Input data section start

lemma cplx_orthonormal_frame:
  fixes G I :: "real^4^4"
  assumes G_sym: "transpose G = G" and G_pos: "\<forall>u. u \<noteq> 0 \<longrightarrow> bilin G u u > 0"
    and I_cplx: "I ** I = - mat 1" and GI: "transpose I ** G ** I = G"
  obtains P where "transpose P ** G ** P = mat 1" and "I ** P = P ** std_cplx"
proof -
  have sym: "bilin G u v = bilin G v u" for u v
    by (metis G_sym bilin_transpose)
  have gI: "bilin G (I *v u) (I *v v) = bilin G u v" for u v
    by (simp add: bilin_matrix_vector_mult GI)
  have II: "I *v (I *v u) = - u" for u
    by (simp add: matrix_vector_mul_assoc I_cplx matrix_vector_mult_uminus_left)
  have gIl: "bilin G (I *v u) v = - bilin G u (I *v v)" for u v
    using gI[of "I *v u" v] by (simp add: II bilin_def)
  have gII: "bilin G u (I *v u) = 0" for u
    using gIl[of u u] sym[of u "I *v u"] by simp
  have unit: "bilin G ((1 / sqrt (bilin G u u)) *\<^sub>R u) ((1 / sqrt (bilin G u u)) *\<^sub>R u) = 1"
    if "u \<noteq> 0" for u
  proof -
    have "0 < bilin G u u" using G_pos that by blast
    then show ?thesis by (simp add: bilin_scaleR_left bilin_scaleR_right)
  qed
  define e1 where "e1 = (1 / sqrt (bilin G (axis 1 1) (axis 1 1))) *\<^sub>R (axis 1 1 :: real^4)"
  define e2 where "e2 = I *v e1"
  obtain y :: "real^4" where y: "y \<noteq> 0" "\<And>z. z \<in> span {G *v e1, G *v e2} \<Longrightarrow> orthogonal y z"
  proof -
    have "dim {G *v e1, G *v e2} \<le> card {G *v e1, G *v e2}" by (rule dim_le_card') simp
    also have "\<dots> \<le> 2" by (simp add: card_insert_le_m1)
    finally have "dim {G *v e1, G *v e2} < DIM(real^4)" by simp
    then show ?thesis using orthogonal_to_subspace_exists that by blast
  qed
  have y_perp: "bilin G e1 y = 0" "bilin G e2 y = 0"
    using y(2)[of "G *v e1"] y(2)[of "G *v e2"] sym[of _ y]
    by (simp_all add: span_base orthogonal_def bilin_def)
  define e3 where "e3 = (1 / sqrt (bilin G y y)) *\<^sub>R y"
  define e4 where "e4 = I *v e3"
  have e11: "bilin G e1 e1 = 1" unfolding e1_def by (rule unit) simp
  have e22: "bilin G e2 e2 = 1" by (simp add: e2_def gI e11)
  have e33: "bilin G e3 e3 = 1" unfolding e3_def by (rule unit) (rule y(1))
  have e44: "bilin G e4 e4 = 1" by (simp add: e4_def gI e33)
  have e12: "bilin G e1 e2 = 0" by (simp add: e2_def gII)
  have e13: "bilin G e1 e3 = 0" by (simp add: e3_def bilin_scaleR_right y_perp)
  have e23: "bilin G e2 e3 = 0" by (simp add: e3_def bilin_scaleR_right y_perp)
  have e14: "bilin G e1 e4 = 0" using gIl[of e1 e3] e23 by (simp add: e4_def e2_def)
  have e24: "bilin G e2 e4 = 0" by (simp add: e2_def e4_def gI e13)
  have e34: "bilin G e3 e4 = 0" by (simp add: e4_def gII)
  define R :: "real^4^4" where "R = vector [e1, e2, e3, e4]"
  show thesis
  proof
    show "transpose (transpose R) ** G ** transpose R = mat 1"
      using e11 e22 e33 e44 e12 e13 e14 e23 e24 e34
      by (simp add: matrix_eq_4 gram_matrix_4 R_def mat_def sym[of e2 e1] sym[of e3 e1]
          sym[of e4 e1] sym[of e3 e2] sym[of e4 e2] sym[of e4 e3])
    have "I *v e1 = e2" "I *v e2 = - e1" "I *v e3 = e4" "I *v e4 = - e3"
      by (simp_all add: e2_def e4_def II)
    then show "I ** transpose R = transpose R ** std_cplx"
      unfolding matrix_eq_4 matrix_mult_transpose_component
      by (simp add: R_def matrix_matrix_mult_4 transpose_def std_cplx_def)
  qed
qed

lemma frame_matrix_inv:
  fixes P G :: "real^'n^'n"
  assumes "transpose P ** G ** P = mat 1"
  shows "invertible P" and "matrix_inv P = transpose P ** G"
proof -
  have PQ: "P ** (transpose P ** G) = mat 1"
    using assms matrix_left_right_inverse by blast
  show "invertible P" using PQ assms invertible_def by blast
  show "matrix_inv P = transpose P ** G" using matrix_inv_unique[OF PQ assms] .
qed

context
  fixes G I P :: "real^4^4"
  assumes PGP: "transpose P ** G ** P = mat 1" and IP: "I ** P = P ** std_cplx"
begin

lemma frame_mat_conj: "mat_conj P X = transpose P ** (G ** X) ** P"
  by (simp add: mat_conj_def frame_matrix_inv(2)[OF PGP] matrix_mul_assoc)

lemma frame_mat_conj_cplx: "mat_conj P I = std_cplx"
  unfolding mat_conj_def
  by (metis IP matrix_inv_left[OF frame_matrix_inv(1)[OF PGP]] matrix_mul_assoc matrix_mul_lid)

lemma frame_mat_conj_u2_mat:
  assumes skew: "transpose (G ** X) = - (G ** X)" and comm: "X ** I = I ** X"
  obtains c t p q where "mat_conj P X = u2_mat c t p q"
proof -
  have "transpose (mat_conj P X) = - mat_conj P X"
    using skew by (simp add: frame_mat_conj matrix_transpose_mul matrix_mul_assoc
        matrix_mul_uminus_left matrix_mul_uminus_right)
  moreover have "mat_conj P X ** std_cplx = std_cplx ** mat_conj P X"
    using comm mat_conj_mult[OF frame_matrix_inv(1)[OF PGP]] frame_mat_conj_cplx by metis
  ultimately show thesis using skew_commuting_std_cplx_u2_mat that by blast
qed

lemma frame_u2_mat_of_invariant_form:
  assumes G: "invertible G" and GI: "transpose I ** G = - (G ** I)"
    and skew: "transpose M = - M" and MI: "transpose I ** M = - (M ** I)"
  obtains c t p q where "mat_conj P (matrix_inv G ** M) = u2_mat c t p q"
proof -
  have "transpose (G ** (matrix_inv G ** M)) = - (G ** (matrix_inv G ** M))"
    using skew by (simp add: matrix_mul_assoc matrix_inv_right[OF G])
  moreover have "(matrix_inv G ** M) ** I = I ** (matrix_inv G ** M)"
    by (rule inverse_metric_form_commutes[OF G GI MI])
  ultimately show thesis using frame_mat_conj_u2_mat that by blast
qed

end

Input data section end

:: What needs to be done ::
Produce a verbatim transcription of the entries above.

:: Completed task ::
lemma cplx_orthonormal_frame:
  fixes G I :: "real^4^4"
  assumes G_sym: "transpose G = G" and G_pos: "\<forall>u. u \<noteq> 0 \<longrightarrow> bilin G u u > 0"
    and I_cplx: "I ** I = - mat 1" and GI: "transpose I ** G ** I = G"
  obtains P where "transpose P ** G ** P = mat 1" and "I ** P = P ** std_cplx"
proof -
  have sym: "bilin G u v = bilin G v u" for u v
    by (metis G_sym bilin_transpose)
  have gI: "bilin G (I *v u) (I *v v) = bilin G u v" for u v
    by (simp add: bilin_matrix_vector_mult GI)
  have II: "I *v (I *v u) = - u" for u
    by (simp add: matrix_vector_mul_assoc I_cplx matrix_vector_mult_uminus_left)
  have gIl: "bilin G (I *v u) v = - bilin G u (I *v v)" for u v
    using gI[of "I *v u" v] by (simp add: II bilin_def)
  have gII: "bilin G u (I *v u) = 0" for u
    using gIl[of u u] sym[of u "I *v u"] by simp
  have unit: "bilin G ((1 / sqrt (bilin G u u)) *\<^sub>R u) ((1 / sqrt (bilin G u u)) *\<^sub>R u) = 1"
    if "u \<noteq> 0" for u
  proof -
    have "0 < bilin G u u" using G_pos that by blast
    then show ?thesis by (simp add: bilin_scaleR_left bilin_scaleR_right)
  qed
  define e1 where "e1 = (1 / sqrt (bilin G (axis 1 1) (axis 1 1))) *\<^sub>R (axis 1 1 :: real^4)"
  define e2 where "e2 = I *v e1"
  obtain y :: "real^4" where y: "y \<noteq> 0" "\<And>z. z \<in> span {G *v e1, G *v e2} \<Longrightarrow> orthogonal y z"
  proof -
    have "dim {G *v e1, G *v e2} \<le> card {G *v e1, G *v e2}" by (rule dim_le_card') simp
    also have "\<dots> \<le> 2" by (simp add: card_insert_le_m1)
    finally have "dim {G *v e1, G *v e2} < DIM(real^4)" by simp
    then show ?thesis using orthogonal_to_subspace_exists that by blast
  qed
  have y_perp: "bilin G e1 y = 0" "bilin G e2 y = 0"
    using y(2)[of "G *v e1"] y(2)[of "G *v e2"] sym[of _ y]
    by (simp_all add: span_base orthogonal_def bilin_def)
  define e3 where "e3 = (1 / sqrt (bilin G y y)) *\<^sub>R y"
  define e4 where "e4 = I *v e3"
  have e11: "bilin G e1 e1 = 1" unfolding e1_def by (rule unit) simp
  have e22: "bilin G e2 e2 = 1" by (simp add: e2_def gI e11)
  have e33: "bilin G e3 e3 = 1" unfolding e3_def by (rule unit) (rule y(1))
  have e44: "bilin G e4 e4 = 1" by (simp add: e4_def gI e33)
  have e12: "bilin G e1 e2 = 0" by (simp add: e2_def gII)
  have e13: "bilin G e1 e3 = 0" by (simp add: e3_def bilin_scaleR_right y_perp)
  have e23: "bilin G e2 e3 = 0" by (simp add: e3_def bilin_scaleR_right y_perp)
  have e14: "bilin G e1 e4 = 0" using gIl[of e1 e3] e23 by (simp add: e4_def e2_def)
  have e24: "bilin G e2 e4 = 0" by (simp add: e2_def e4_def gI e13)
  have e34: "bilin G e3 e4 = 0" by (simp add: e4_def gII)
  define R :: "real^4^4" where "R = vector [e1, e2, e3, e4]"
  show thesis
  proof
    show "transpose (transpose R) ** G ** transpose R = mat 1"
      using e11 e22 e33 e44 e12 e13 e14 e23 e24 e34
      by (simp add: matrix_eq_4 gram_matrix_4 R_def mat_def sym[of e2 e1] sym[of e3 e1]
          sym[of e4 e1] sym[of e3 e2] sym[of e4 e2] sym[of e4 e3])
    have "I *v e1 = e2" "I *v e2 = - e1" "I *v e3 = e4" "I *v e4 = - e3"
      by (simp_all add: e2_def e4_def II)
    then show "I ** transpose R = transpose R ** std_cplx"
      unfolding matrix_eq_4 matrix_mult_transpose_component
      by (simp add: R_def matrix_matrix_mult_4 transpose_def std_cplx_def)
  qed
qed

lemma frame_matrix_inv:
  fixes P G :: "real^'n^'n"
  assumes "transpose P ** G ** P = mat 1"
  shows "invertible P" and "matrix_inv P = transpose P ** G"
proof -
  have PQ: "P ** (transpose P ** G) = mat 1"
    using assms matrix_left_right_inverse by blast
  show "invertible P" using PQ assms invertible_def by blast
  show "matrix_inv P = transpose P ** G" using matrix_inv_unique[OF PQ assms] .
qed

context
  fixes G I P :: "real^4^4"
  assumes PGP: "transpose P ** G ** P = mat 1" and IP: "I ** P = P ** std_cplx"
begin

lemma frame_mat_conj: "mat_conj P X = transpose P ** (G ** X) ** P"
  by (simp add: mat_conj_def frame_matrix_inv(2)[OF PGP] matrix_mul_assoc)

lemma frame_mat_conj_cplx: "mat_conj P I = std_cplx"
  unfolding mat_conj_def
  by (metis IP matrix_inv_left[OF frame_matrix_inv(1)[OF PGP]] matrix_mul_assoc matrix_mul_lid)

lemma frame_mat_conj_u2_mat:
  assumes skew: "transpose (G ** X) = - (G ** X)" and comm: "X ** I = I ** X"
  obtains c t p q where "mat_conj P X = u2_mat c t p q"
proof -
  have "transpose (mat_conj P X) = - mat_conj P X"
    using skew by (simp add: frame_mat_conj matrix_transpose_mul matrix_mul_assoc
        matrix_mul_uminus_left matrix_mul_uminus_right)
  moreover have "mat_conj P X ** std_cplx = std_cplx ** mat_conj P X"
    using comm mat_conj_mult[OF frame_matrix_inv(1)[OF PGP]] frame_mat_conj_cplx by metis
  ultimately show thesis using skew_commuting_std_cplx_u2_mat that by blast
qed

lemma frame_u2_mat_of_invariant_form:
  assumes G: "invertible G" and GI: "transpose I ** G = - (G ** I)"
    and skew: "transpose M = - M" and MI: "transpose I ** M = - (M ** I)"
  obtains c t p q where "mat_conj P (matrix_inv G ** M) = u2_mat c t p q"
proof -
  have "transpose (G ** (matrix_inv G ** M)) = - (G ** (matrix_inv G ** M))"
    using skew by (simp add: matrix_mul_assoc matrix_inv_right[OF G])
  moreover have "(matrix_inv G ** M) ** I = I ** (matrix_inv G ** M)"
    by (rule inverse_metric_form_commutes[OF G GI MI])
  ultimately show thesis using frame_mat_conj_u2_mat that by blast
qed

end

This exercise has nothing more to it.